[Stored data]

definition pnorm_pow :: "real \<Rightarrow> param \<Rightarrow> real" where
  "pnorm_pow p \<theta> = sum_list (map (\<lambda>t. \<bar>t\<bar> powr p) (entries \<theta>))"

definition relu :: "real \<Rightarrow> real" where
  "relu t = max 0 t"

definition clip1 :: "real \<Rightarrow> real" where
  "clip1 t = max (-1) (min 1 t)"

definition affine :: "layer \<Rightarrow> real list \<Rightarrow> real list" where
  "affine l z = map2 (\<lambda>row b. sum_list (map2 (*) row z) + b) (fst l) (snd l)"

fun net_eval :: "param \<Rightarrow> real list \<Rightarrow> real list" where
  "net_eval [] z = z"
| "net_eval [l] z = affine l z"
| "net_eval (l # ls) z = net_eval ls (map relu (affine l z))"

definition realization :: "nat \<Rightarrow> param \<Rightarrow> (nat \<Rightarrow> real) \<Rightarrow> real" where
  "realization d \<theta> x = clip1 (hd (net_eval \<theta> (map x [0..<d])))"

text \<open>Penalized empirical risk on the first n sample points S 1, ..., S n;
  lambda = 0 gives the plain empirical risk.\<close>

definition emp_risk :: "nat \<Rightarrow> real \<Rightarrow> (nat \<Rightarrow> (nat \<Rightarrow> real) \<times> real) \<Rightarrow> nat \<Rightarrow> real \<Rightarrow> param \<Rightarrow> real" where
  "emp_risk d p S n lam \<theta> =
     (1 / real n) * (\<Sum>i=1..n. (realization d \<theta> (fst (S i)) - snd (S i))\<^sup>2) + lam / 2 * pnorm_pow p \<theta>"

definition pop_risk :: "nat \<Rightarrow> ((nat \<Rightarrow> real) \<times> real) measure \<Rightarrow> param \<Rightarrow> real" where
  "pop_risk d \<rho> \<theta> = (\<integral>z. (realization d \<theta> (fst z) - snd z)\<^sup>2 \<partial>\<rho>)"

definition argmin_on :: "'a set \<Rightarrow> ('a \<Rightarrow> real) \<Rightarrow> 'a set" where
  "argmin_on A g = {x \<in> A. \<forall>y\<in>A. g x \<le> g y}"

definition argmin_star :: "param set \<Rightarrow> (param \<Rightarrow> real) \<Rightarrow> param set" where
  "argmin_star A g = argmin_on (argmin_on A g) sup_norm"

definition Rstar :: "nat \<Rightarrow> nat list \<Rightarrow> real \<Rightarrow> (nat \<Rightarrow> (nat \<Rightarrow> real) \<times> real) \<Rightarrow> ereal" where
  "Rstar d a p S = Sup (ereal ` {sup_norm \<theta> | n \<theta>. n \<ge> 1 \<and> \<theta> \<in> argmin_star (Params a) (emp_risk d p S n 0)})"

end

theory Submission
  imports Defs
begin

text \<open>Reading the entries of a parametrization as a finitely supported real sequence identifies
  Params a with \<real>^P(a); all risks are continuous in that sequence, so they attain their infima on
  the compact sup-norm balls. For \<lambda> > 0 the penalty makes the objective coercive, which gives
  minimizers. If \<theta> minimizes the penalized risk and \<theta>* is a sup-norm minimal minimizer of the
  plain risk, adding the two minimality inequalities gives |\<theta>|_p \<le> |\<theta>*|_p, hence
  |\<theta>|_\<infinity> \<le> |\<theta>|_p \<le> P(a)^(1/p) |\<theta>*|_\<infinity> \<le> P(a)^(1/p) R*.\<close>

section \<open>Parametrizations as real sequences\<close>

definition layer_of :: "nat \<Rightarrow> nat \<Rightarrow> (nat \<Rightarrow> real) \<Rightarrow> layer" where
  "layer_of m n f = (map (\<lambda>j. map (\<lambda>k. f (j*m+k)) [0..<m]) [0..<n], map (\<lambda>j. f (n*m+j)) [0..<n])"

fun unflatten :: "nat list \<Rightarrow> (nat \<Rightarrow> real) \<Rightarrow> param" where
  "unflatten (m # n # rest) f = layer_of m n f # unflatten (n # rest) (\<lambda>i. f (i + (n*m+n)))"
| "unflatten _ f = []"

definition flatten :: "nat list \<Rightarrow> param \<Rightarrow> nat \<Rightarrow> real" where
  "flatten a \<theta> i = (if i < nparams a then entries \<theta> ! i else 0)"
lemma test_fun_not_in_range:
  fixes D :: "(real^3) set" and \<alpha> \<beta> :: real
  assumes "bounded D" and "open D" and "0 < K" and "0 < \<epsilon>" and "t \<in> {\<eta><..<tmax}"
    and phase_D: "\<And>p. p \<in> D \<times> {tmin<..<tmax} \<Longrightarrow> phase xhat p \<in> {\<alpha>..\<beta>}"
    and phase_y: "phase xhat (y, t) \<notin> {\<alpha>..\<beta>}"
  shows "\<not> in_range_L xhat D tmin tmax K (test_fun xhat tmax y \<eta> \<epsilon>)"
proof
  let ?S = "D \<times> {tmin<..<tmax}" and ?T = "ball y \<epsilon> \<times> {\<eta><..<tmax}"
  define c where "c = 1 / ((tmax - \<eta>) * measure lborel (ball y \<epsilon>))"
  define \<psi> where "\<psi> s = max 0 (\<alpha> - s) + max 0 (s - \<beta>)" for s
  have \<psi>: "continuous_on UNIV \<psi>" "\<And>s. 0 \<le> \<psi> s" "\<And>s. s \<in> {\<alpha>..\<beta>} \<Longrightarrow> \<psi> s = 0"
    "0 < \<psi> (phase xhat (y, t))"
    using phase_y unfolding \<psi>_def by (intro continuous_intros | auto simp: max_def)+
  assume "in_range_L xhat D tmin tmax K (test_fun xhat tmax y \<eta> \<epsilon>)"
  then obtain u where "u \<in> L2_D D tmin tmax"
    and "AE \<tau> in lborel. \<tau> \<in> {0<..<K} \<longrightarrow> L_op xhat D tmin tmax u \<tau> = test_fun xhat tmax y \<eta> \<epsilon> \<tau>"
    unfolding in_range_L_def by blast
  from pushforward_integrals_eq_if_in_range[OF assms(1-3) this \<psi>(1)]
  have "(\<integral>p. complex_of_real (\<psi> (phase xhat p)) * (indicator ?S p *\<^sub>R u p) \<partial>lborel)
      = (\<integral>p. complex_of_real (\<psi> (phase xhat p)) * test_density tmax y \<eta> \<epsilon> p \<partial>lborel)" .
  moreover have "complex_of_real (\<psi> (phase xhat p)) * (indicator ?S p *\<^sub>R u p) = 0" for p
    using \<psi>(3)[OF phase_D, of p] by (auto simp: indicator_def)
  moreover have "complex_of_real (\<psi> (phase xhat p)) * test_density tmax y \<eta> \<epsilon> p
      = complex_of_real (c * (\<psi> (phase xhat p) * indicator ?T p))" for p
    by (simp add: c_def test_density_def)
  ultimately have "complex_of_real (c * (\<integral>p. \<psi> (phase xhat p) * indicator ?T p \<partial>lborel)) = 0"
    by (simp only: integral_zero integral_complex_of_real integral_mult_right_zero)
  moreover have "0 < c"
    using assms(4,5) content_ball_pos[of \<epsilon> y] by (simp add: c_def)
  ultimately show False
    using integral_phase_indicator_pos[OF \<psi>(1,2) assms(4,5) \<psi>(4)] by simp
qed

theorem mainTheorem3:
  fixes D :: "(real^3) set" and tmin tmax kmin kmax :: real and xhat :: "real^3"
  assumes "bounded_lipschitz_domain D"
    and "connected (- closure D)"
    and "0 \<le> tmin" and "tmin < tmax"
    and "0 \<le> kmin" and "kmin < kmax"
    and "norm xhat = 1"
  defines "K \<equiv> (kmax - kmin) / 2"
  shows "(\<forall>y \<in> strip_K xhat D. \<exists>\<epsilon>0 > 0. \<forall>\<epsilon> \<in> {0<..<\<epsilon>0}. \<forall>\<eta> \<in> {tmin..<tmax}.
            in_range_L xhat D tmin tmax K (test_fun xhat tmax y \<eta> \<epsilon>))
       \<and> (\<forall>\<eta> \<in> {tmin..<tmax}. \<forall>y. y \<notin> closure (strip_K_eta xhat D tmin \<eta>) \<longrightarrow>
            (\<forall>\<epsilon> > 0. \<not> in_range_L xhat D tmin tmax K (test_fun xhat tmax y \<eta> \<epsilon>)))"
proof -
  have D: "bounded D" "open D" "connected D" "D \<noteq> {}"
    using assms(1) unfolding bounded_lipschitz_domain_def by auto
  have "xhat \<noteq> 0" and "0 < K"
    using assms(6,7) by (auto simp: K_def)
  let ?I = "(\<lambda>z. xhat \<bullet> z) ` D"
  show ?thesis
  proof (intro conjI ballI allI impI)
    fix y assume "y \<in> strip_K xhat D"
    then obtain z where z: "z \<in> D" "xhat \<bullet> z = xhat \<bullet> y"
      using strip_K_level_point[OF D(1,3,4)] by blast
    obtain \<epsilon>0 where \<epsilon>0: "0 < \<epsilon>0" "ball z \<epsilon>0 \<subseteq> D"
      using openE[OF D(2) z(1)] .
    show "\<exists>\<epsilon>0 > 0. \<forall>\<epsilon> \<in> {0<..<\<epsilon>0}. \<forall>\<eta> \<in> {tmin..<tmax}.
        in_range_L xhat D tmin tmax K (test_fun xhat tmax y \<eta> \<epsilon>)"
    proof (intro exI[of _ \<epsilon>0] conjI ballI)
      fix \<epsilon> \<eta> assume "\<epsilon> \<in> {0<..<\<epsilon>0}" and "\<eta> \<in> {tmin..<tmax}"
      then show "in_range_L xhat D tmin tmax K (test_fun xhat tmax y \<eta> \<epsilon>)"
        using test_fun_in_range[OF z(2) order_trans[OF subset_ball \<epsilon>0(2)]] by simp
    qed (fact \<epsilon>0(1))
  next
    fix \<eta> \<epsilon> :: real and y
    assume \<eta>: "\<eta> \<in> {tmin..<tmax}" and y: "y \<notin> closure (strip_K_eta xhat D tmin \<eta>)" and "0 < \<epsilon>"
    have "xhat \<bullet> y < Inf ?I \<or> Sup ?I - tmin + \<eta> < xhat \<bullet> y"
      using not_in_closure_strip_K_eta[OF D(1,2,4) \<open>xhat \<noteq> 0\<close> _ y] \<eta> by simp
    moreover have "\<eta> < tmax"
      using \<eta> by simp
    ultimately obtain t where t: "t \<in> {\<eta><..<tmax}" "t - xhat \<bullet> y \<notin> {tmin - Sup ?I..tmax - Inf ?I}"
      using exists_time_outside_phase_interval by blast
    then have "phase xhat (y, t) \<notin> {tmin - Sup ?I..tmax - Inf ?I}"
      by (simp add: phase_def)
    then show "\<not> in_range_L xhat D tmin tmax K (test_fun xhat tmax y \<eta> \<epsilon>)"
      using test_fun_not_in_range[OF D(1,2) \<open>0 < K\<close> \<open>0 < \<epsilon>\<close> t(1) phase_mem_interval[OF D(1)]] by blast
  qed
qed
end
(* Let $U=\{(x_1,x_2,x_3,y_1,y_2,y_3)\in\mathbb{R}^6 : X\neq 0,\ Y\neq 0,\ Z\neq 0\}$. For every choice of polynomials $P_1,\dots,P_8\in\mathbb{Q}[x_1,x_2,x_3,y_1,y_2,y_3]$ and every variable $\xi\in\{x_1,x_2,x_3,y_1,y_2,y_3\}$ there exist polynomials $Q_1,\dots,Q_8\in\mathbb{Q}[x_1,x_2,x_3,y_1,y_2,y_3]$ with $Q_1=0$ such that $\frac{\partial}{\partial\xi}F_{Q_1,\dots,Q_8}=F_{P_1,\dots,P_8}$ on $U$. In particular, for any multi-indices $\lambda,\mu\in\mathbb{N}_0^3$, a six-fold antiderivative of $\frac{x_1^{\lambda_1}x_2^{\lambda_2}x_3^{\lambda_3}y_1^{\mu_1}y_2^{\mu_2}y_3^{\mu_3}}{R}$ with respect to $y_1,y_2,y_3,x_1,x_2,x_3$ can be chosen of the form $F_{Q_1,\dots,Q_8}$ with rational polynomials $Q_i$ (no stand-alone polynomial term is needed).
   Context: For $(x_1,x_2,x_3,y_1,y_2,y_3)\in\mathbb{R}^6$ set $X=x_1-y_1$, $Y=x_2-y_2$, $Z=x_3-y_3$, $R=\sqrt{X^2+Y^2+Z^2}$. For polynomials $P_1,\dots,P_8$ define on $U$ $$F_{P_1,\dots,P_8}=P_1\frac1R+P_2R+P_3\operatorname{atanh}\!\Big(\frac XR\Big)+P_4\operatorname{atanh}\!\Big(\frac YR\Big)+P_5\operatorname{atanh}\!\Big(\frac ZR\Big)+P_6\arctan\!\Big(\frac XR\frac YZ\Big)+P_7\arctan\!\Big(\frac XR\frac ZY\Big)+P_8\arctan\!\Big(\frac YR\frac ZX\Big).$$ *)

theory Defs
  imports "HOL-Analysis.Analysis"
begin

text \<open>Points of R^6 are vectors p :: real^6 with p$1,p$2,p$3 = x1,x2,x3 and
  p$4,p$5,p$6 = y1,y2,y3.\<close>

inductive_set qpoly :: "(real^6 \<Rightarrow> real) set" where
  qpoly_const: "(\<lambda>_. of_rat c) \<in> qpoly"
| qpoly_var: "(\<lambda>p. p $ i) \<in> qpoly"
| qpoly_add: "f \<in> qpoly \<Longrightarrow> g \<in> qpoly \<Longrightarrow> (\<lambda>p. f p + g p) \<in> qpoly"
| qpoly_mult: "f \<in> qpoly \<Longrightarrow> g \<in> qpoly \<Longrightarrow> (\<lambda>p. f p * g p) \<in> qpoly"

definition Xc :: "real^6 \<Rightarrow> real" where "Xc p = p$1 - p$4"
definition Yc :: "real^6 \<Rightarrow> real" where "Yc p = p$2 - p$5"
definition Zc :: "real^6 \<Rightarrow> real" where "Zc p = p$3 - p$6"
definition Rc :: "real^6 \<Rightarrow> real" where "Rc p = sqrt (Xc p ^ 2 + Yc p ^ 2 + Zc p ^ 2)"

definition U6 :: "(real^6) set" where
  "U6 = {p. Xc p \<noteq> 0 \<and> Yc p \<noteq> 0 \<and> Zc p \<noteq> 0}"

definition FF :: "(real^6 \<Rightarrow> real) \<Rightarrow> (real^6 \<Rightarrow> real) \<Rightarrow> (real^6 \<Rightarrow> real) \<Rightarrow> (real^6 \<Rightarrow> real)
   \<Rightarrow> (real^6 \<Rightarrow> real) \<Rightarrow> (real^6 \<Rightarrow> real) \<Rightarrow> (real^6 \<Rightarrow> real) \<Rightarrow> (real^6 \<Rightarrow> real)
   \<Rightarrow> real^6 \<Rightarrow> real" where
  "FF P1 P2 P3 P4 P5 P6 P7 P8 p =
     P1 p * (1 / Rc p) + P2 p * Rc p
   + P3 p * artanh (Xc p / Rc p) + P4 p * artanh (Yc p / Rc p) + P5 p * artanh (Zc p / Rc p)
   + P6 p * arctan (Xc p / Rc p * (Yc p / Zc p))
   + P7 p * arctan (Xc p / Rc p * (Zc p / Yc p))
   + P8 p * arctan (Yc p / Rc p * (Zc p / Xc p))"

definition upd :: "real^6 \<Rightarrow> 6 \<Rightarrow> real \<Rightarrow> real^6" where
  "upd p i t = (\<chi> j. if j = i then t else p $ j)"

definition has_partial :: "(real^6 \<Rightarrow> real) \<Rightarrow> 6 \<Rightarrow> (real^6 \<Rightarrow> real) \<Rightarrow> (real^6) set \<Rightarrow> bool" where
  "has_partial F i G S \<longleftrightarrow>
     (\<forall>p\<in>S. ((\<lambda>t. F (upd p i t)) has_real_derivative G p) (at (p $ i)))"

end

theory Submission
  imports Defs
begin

» **Your goal**
Repeat exactly the lines above from the one with "u p) \<partial>lborel)" up to and including the one with "ultimately show False". No other line belongs in the reply.

» **Response to the exercise**
  have "(\<integral>p. complex_of_real (\<psi> (phase xhat p)) * (indicator ?S p *\<^sub>R u p) \<partial>lborel)
      = (\<integral>p. complex_of_real (\<psi> (phase xhat p)) * test_density tmax y \<eta> \<epsilon> p \<partial>lborel)" .
  moreover have "complex_of_real (\<psi> (phase xhat p)) * (indicator ?S p *\<^sub>R u p) = 0" for p
    using \<psi>(3)[OF phase_D, of p] by (auto simp: indicator_def)
  moreover have "complex_of_real (\<psi> (phase xhat p)) * test_density tmax y \<eta> \<epsilon> p
      = complex_of_real (c * (\<psi> (phase xhat p) * indicator ?T p))" for p
    by (simp add: c_def test_density_def)
  ultimately have "complex_of_real (c * (\<integral>p. \<psi> (phase xhat p) * indicator ?T p \<partial>lborel)) = 0"
    by (simp only: integral_zero integral_complex_of_real integral_mult_right_zero)
  moreover have "0 < c"
    using assms(4,5) content_ball_pos[of \<epsilon> y] by (simp add: c_def)
  ultimately show False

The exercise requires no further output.